[MATERIAL FOR THIS EXERCISE — start]
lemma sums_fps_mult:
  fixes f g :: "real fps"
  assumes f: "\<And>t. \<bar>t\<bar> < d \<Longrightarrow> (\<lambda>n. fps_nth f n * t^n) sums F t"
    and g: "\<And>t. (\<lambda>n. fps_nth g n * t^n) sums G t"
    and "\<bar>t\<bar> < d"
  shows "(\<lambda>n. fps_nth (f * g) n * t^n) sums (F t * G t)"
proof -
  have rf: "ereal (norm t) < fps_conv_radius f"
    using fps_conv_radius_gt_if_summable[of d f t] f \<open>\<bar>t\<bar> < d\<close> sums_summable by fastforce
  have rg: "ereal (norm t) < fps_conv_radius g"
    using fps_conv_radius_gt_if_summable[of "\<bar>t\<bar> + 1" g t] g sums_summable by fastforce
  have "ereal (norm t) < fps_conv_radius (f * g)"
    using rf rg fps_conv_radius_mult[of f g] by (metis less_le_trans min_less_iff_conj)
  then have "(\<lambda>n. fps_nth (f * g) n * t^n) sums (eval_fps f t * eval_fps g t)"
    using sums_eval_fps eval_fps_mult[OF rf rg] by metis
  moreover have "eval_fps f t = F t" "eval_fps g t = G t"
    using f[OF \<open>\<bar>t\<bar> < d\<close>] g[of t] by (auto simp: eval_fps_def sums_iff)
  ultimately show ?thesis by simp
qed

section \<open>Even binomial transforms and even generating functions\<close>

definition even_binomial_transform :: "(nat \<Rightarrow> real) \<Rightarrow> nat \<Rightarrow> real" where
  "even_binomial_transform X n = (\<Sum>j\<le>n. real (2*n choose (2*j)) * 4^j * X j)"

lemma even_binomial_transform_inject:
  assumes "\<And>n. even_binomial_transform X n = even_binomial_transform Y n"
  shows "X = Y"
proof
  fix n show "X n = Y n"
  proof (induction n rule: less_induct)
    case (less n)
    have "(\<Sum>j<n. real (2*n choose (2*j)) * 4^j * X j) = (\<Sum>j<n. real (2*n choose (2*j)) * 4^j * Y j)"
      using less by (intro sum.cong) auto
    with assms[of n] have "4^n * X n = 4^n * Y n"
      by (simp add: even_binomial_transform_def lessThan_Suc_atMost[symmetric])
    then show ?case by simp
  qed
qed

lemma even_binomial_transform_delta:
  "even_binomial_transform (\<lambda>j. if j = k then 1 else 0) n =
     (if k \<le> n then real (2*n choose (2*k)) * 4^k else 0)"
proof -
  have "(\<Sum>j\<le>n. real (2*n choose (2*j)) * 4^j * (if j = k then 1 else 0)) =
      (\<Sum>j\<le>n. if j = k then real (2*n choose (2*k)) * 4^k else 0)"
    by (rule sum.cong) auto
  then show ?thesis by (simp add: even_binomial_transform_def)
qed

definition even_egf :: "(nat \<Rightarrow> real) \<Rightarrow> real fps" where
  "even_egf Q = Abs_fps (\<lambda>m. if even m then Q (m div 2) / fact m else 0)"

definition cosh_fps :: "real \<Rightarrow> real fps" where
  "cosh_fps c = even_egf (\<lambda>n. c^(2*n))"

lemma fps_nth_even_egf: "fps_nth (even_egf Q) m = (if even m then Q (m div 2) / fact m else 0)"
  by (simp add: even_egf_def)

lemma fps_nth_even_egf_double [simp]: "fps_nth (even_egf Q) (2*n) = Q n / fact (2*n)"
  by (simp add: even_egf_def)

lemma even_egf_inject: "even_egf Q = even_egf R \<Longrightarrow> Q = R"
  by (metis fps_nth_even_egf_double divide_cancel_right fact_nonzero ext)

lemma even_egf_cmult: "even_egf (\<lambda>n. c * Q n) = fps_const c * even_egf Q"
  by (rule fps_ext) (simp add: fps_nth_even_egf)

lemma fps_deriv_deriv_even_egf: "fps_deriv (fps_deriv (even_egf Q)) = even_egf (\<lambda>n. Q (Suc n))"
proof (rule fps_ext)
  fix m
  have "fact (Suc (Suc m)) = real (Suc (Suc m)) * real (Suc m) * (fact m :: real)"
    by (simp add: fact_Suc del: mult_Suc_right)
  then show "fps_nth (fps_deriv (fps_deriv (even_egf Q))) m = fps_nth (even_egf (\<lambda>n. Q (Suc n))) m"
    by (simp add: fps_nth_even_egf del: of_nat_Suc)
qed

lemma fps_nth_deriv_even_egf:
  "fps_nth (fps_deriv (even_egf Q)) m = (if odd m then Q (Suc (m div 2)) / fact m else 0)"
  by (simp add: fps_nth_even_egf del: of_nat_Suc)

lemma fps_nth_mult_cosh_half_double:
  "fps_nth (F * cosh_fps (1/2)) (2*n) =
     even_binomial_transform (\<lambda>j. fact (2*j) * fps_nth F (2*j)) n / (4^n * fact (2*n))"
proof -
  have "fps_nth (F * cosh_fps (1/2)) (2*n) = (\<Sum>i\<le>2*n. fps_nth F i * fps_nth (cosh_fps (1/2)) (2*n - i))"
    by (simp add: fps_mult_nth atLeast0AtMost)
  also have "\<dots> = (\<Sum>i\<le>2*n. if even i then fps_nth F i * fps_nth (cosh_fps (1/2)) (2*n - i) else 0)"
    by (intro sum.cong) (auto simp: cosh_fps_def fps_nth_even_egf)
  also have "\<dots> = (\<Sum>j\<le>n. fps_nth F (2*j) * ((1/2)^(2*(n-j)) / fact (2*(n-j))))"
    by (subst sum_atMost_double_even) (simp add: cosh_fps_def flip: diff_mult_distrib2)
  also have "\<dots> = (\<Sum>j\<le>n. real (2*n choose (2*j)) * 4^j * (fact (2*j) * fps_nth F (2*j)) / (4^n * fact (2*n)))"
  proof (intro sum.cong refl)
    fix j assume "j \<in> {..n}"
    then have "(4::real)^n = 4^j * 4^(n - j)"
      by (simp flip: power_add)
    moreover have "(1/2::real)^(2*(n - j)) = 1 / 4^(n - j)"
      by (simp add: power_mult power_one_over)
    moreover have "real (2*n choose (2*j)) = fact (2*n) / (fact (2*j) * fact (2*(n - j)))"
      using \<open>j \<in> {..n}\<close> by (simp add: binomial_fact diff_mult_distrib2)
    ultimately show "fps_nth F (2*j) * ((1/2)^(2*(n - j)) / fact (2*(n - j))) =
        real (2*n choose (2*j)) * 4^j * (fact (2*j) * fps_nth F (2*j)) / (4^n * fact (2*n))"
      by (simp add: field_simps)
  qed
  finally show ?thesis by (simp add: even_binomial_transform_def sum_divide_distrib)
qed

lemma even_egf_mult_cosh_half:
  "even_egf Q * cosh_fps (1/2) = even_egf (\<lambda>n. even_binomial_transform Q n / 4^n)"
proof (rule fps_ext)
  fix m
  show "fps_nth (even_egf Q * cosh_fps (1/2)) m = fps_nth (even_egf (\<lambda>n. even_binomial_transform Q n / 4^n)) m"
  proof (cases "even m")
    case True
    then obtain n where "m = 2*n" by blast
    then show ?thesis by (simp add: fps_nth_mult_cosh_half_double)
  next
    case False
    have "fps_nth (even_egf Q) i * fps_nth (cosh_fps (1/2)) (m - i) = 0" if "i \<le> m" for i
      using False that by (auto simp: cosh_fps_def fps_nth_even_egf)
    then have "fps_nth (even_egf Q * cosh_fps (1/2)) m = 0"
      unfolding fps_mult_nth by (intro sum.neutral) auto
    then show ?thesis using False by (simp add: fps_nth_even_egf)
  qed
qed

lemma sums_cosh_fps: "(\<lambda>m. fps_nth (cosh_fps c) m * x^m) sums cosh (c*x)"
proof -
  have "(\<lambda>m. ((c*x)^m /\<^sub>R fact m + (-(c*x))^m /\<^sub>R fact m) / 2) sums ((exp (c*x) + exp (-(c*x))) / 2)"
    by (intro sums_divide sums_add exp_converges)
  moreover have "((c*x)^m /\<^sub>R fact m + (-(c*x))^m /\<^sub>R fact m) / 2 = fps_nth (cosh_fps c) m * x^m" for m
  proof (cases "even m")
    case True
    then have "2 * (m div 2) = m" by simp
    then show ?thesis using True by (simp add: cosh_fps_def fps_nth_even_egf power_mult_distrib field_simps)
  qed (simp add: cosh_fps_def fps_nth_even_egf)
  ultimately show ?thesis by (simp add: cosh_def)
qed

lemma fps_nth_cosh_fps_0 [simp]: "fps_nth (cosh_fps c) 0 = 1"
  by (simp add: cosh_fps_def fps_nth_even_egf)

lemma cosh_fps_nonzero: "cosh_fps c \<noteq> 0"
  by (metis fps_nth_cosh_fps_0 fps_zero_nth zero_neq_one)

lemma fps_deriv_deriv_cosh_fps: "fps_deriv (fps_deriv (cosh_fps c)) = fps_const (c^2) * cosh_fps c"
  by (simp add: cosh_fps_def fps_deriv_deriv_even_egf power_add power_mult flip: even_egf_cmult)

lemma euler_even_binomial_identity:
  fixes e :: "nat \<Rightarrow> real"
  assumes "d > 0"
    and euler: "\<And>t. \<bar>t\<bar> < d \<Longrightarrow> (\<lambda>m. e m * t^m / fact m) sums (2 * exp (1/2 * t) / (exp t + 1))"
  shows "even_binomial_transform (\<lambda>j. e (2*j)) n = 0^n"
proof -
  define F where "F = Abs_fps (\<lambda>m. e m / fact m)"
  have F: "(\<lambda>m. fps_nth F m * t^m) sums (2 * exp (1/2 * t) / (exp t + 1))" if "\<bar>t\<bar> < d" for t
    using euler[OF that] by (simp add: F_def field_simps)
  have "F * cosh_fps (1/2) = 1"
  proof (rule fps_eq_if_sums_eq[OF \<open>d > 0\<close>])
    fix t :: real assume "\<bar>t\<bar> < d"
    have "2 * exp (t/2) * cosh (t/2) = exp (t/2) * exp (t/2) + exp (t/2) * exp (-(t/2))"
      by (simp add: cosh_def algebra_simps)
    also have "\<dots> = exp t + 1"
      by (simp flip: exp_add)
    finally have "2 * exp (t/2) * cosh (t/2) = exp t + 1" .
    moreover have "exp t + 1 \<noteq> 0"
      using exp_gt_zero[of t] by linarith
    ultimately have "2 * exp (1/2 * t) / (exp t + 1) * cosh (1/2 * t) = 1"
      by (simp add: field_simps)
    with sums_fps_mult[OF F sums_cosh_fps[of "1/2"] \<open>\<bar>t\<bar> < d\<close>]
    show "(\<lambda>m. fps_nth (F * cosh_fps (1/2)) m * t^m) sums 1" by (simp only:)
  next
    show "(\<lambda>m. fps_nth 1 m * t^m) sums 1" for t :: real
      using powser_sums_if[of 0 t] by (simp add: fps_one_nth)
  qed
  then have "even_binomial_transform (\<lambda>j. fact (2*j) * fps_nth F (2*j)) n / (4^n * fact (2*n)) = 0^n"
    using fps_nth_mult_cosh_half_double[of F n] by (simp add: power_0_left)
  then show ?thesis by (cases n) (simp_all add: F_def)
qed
[MATERIAL FOR THIS EXERCISE — finish]
[MATERIAL FOR THIS EXERCISE — start]
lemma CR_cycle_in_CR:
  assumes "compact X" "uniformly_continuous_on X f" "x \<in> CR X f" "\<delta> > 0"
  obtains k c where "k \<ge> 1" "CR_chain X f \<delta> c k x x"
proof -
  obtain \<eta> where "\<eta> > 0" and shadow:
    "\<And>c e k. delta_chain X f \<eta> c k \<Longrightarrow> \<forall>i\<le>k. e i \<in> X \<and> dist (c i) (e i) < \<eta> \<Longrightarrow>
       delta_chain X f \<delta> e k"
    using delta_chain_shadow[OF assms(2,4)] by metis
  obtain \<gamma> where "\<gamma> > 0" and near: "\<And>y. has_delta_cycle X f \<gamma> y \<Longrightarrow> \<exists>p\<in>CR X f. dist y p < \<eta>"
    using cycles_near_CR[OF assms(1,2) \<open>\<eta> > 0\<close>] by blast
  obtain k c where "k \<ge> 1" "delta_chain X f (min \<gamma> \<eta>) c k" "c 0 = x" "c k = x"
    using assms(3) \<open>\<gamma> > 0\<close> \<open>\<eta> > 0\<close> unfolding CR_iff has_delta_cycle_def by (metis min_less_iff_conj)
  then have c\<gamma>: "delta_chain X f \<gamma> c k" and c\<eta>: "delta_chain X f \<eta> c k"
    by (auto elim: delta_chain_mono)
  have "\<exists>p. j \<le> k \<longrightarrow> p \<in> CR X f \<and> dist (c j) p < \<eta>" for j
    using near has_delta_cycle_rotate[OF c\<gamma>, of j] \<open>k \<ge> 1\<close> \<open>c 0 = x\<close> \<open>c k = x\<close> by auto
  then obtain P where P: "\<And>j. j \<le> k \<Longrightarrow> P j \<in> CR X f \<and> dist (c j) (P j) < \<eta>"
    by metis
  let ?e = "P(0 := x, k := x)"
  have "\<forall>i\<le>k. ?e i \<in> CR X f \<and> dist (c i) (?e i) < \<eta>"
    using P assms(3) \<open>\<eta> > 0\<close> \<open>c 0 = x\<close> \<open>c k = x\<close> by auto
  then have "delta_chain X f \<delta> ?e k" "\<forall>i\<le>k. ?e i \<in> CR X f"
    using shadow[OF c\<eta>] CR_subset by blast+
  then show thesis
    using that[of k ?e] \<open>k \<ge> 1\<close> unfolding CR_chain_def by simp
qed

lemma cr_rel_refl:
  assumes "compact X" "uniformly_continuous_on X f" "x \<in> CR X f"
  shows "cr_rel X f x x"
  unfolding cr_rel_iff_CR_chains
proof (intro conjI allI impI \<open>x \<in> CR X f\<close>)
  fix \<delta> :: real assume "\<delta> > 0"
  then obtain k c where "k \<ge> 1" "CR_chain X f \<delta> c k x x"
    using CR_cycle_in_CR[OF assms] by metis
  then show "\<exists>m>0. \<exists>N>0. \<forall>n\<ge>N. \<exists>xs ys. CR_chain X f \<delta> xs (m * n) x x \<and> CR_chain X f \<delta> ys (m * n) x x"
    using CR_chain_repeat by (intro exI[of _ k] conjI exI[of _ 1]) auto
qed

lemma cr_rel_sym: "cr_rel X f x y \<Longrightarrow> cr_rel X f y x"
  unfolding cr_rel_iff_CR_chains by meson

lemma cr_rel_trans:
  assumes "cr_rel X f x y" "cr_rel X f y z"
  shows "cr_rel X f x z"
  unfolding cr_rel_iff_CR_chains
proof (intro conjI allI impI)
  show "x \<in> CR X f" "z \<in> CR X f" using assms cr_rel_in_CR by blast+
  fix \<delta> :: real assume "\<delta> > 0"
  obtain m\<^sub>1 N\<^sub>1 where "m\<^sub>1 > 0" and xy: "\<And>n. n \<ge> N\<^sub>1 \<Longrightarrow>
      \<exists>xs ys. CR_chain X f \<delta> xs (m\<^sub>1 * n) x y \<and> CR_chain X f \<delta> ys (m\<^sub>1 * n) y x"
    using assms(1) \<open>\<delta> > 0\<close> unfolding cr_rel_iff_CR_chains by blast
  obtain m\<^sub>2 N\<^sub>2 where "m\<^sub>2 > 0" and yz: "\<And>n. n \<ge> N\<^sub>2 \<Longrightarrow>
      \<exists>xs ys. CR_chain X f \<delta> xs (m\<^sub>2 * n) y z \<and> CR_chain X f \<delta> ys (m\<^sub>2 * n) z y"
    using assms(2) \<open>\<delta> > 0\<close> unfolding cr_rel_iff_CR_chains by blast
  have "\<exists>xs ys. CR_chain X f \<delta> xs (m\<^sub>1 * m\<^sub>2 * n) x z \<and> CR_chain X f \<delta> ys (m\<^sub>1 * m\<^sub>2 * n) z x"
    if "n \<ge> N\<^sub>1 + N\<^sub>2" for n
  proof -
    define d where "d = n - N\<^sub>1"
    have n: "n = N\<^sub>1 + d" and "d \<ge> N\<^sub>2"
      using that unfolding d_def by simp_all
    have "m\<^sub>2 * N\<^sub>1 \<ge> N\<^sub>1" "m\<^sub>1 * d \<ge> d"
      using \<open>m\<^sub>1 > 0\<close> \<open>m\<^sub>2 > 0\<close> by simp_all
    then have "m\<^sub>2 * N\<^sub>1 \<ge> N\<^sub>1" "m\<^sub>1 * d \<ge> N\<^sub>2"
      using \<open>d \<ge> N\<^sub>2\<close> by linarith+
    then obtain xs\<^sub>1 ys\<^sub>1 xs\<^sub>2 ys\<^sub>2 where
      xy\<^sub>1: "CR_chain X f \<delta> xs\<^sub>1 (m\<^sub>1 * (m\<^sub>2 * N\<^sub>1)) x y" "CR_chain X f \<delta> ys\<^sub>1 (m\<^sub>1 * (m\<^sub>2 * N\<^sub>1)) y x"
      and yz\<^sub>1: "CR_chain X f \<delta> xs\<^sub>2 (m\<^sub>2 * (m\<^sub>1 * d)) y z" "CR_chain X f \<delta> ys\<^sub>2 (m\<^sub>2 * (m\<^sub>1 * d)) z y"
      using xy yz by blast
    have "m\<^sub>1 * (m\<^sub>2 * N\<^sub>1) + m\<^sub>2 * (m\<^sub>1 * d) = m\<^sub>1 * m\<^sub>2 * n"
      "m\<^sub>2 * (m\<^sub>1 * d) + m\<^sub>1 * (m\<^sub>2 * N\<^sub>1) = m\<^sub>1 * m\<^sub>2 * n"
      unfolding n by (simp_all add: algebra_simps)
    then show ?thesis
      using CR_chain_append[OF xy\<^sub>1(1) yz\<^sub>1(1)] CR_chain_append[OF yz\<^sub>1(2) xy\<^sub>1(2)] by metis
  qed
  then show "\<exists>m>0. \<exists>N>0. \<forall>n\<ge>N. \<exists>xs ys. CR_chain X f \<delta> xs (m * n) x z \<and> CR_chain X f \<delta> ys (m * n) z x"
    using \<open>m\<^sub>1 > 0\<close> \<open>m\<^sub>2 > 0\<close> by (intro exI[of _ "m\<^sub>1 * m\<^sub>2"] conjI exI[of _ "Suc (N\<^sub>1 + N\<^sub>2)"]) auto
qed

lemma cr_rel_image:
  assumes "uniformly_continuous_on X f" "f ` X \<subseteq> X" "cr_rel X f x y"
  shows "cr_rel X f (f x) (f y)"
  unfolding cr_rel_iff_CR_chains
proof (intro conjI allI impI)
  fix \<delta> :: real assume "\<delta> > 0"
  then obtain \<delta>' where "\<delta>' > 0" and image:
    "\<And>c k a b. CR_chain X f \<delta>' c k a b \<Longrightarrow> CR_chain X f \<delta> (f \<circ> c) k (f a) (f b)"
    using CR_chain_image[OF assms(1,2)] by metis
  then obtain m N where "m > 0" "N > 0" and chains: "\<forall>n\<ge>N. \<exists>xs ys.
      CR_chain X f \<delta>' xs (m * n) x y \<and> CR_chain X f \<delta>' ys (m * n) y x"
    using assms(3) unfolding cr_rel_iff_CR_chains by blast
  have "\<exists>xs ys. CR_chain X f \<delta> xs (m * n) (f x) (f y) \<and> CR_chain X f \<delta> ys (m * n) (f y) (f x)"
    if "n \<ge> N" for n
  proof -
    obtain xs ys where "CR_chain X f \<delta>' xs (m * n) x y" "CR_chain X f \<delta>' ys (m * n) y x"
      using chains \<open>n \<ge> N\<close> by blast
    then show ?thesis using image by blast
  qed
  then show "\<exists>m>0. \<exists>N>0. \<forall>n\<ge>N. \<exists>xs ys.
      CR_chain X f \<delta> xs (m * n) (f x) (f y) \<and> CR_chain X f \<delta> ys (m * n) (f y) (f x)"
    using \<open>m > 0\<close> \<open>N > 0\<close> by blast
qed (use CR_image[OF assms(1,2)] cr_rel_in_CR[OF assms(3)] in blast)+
[MATERIAL FOR THIS EXERCISE — finish]
[MATERIAL FOR THIS EXERCISE — start]
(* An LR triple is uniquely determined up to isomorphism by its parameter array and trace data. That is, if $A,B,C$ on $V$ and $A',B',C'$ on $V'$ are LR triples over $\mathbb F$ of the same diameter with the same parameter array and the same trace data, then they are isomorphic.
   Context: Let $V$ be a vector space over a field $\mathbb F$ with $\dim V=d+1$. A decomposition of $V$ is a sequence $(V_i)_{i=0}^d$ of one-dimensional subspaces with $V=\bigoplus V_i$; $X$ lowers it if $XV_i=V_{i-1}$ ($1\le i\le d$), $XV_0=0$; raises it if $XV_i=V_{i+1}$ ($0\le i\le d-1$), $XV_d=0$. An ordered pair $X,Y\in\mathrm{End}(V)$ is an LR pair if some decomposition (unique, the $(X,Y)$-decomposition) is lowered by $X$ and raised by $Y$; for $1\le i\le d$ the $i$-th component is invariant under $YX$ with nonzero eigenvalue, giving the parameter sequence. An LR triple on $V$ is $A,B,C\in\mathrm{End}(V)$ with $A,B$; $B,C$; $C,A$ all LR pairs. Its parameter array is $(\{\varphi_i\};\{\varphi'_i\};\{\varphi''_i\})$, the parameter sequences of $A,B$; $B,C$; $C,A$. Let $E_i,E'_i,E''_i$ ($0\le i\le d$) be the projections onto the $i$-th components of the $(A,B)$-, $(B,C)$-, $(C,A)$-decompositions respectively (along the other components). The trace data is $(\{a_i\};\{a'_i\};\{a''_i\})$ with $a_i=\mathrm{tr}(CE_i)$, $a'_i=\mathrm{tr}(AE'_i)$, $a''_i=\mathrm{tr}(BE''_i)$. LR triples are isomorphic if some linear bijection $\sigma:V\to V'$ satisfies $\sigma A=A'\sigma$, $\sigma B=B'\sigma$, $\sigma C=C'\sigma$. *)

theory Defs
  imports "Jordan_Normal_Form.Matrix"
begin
[MATERIAL FOR THIS EXERCISE — finish]
TRY IT: The stretch of entries above that starts with the line containing "using delta_chain_shadow[OF assms(2,4)]" and goes on through the line containing "f \<gamma> c" is to be transcribed exactly, and no other line is to be transcribed.

EXPECTED OUTPUT:
    using delta_chain_shadow[OF assms(2,4)] by metis
  obtain \<gamma> where "\<gamma> > 0" and near: "\<And>y. has_delta_cycle X f \<gamma> y \<Longrightarrow> \<exists>p\<in>CR X f. dist y p < \<eta>"
    using cycles_near_CR[OF assms(1,2) \<open>\<eta> > 0\<close>] by blast
  obtain k c where "k \<ge> 1" "delta_chain X f (min \<gamma> \<eta>) c k" "c 0 = x" "c k = x"
    using assms(3) \<open>\<gamma> > 0\<close> \<open>\<eta> > 0\<close> unfolding CR_iff has_delta_cycle_def by (metis min_less_iff_conj)
  then have c\<gamma>: "delta_chain X f \<gamma> c k" and c\<eta>: "delta_chain X f \<eta> c k"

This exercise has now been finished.